lemma centered_product_abs_le_pmf:
  fixes X Y :: "'a \<Rightarrow> real"
  assumes fin: "finite (set_pmf M)" and "\<And>z. z \<in> set_pmf M \<Longrightarrow> 0 \<le> X z \<and> X z \<le> K"
  shows "\<bar>measure_pmf.expectation M (\<lambda>z. (X z - measure_pmf.expectation M X) * Y z)\<bar>
    \<le> K * measure_pmf.expectation M (\<lambda>z. \<bar>Y z\<bar>)"
proof -
  note int = integrable_measure_pmf_finite[OF fin]
  have "\<bar>measure_pmf.expectation M (\<lambda>z. (X z - measure_pmf.expectation M X) * Y z)\<bar>
      \<le> measure_pmf.expectation M (\<lambda>z. \<bar>(X z - measure_pmf.expectation M X) * Y z\<bar>)"
    by (rule integral_abs_bound)
  also have "\<dots> \<le> measure_pmf.expectation M (\<lambda>z. K * \<bar>Y z\<bar>)"
    using centered_abs_le_pmf[OF assms]
    by (intro integral_mono_AE) (auto simp: AE_measure_pmf_iff int abs_mult intro!: mult_right_mono)
  finally show ?thesis by simp
qed

lemma variance_le_square_pmf:
  fixes X :: "'a \<Rightarrow> real"
  assumes fin: "finite (set_pmf M)" and "\<And>z. z \<in> set_pmf M \<Longrightarrow> 0 \<le> X z \<and> X z \<le> K"
  shows "measure_pmf.variance M X \<le> K\<^sup>2"
proof -
  obtain z where "z \<in> set_pmf M" using set_pmf_not_empty[of M] by blast
  then have "0 \<le> K" using assms(2) by force
  then have "measure_pmf.variance M X \<le> measure_pmf.expectation M (\<lambda>_. K\<^sup>2)"
    using centered_abs_le_pmf[OF assms] fin
    by (intro integral_mono_AE)
      (auto simp: AE_measure_pmf_iff integrable_measure_pmf_finite abs_le_square_iff[symmetric])
  then show ?thesis by simp
qed

lemma
  fixes Z :: "'a \<Rightarrow> real"
  assumes fin: "finite (set_pmf M)" and val: "\<And>z. z \<in> set_pmf M \<Longrightarrow> Z z \<in> {-1, 0, 1}"
  shows expectation_trinary_pmf:
      "measure_pmf.expectation M Z = measure_pmf.prob M {z. Z z = 1} - measure_pmf.prob M {z. Z z = -1}"
    and variance_trinary_pmf_ge:
      "measure_pmf.prob M {z. Z z = 1} * (1 - measure_pmf.prob M {z. Z z = 1}) \<le> measure_pmf.variance M Z"
proof -
  define A where "A = measure_pmf.prob M {z. Z z = 1}"
  define B where "B = measure_pmf.prob M {z. Z z = -1}"
  note int = integrable_measure_pmf_finite[OF fin]
  have "measure_pmf.expectation M Z
      = measure_pmf.expectation M (\<lambda>z. indicator {z. Z z = 1} z - indicator {z. Z z = -1} z)"
    using val by (intro integral_cong_AE) (auto simp: AE_measure_pmf_iff indicator_def)
  then show EZ: "measure_pmf.expectation M Z = A - B"
    by (simp add: A_def B_def int measure_pmf.emeasure_eq_measure)
  have "measure_pmf.expectation M (\<lambda>z. (Z z)\<^sup>2)
      = measure_pmf.expectation M (\<lambda>z. indicator {z. Z z = 1} z + indicator {z. Z z = -1} z)"
    using val by (intro integral_cong_AE) (auto simp: AE_measure_pmf_iff indicator_def)
  then have EZ2: "measure_pmf.expectation M (\<lambda>z. (Z z)\<^sup>2) = A + B"
    by (simp add: A_def B_def int measure_pmf.emeasure_eq_measure)
  have "B \<le> 1" "0 \<le> A" "0 \<le> B" unfolding A_def B_def by simp_all
  then have "A * (1 - A) \<le> A + B - (A - B)\<^sup>2"
    using mult_nonneg_nonneg[of B "1 + 2 * A - B"] by (simp add: power2_eq_square algebra_simps)
  then show "A * (1 - A) \<le> measure_pmf.variance M Z"
    using variance_pmf_eq[OF fin, of Z] EZ EZ2 by simp
qed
# # # # # # #
_AIM OF THE TASK_
Nothing but an exact copy of the records belongs in the answer.

_COMPLETED EXERCISE_
lemma centered_product_abs_le_pmf:
  fixes X Y :: "'a \<Rightarrow> real"
  assumes fin: "finite (set_pmf M)" and "\<And>z. z \<in> set_pmf M \<Longrightarrow> 0 \<le> X z \<and> X z \<le> K"
  shows "\<bar>measure_pmf.expectation M (\<lambda>z. (X z - measure_pmf.expectation M X) * Y z)\<bar>
    \<le> K * measure_pmf.expectation M (\<lambda>z. \<bar>Y z\<bar>)"
proof -
  note int = integrable_measure_pmf_finite[OF fin]
  have "\<bar>measure_pmf.expectation M (\<lambda>z. (X z - measure_pmf.expectation M X) * Y z)\<bar>
      \<le> measure_pmf.expectation M (\<lambda>z. \<bar>(X z - measure_pmf.expectation M X) * Y z\<bar>)"
    by (rule integral_abs_bound)
  also have "\<dots> \<le> measure_pmf.expectation M (\<lambda>z. K * \<bar>Y z\<bar>)"
    using centered_abs_le_pmf[OF assms]
    by (intro integral_mono_AE) (auto simp: AE_measure_pmf_iff int abs_mult intro!: mult_right_mono)
  finally show ?thesis by simp
qed

lemma variance_le_square_pmf:
  fixes X :: "'a \<Rightarrow> real"
  assumes fin: "finite (set_pmf M)" and "\<And>z. z \<in> set_pmf M \<Longrightarrow> 0 \<le> X z \<and> X z \<le> K"
  shows "measure_pmf.variance M X \<le> K\<^sup>2"
proof -
  obtain z where "z \<in> set_pmf M" using set_pmf_not_empty[of M] by blast
  then have "0 \<le> K" using assms(2) by force
  then have "measure_pmf.variance M X \<le> measure_pmf.expectation M (\<lambda>_. K\<^sup>2)"
    using centered_abs_le_pmf[OF assms] fin
    by (intro integral_mono_AE)
      (auto simp: AE_measure_pmf_iff integrable_measure_pmf_finite abs_le_square_iff[symmetric])
  then show ?thesis by simp
qed

lemma
  fixes Z :: "'a \<Rightarrow> real"
  assumes fin: "finite (set_pmf M)" and val: "\<And>z. z \<in> set_pmf M \<Longrightarrow> Z z \<in> {-1, 0, 1}"
  shows expectation_trinary_pmf:
      "measure_pmf.expectation M Z = measure_pmf.prob M {z. Z z = 1} - measure_pmf.prob M {z. Z z = -1}"
    and variance_trinary_pmf_ge:
      "measure_pmf.prob M {z. Z z = 1} * (1 - measure_pmf.prob M {z. Z z = 1}) \<le> measure_pmf.variance M Z"
proof -
  define A where "A = measure_pmf.prob M {z. Z z = 1}"
  define B where "B = measure_pmf.prob M {z. Z z = -1}"
  note int = integrable_measure_pmf_finite[OF fin]
  have "measure_pmf.expectation M Z
      = measure_pmf.expectation M (\<lambda>z. indicator {z. Z z = 1} z - indicator {z. Z z = -1} z)"
    using val by (intro integral_cong_AE) (auto simp: AE_measure_pmf_iff indicator_def)
  then show EZ: "measure_pmf.expectation M Z = A - B"
    by (simp add: A_def B_def int measure_pmf.emeasure_eq_measure)
  have "measure_pmf.expectation M (\<lambda>z. (Z z)\<^sup>2)
      = measure_pmf.expectation M (\<lambda>z. indicator {z. Z z = 1} z + indicator {z. Z z = -1} z)"
    using val by (intro integral_cong_AE) (auto simp: AE_measure_pmf_iff indicator_def)
  then have EZ2: "measure_pmf.expectation M (\<lambda>z. (Z z)\<^sup>2) = A + B"
    by (simp add: A_def B_def int measure_pmf.emeasure_eq_measure)
  have "B \<le> 1" "0 \<le> A" "0 \<le> B" unfolding A_def B_def by simp_all
  then have "A * (1 - A) \<le> A + B - (A - B)\<^sup>2"
    using mult_nonneg_nonneg[of B "1 + 2 * A - B"] by (simp add: power2_eq_square algebra_simps)
  then show "A * (1 - A) \<le> measure_pmf.variance M Z"
    using variance_pmf_eq[OF fin, of Z] EZ EZ2 by simp
qed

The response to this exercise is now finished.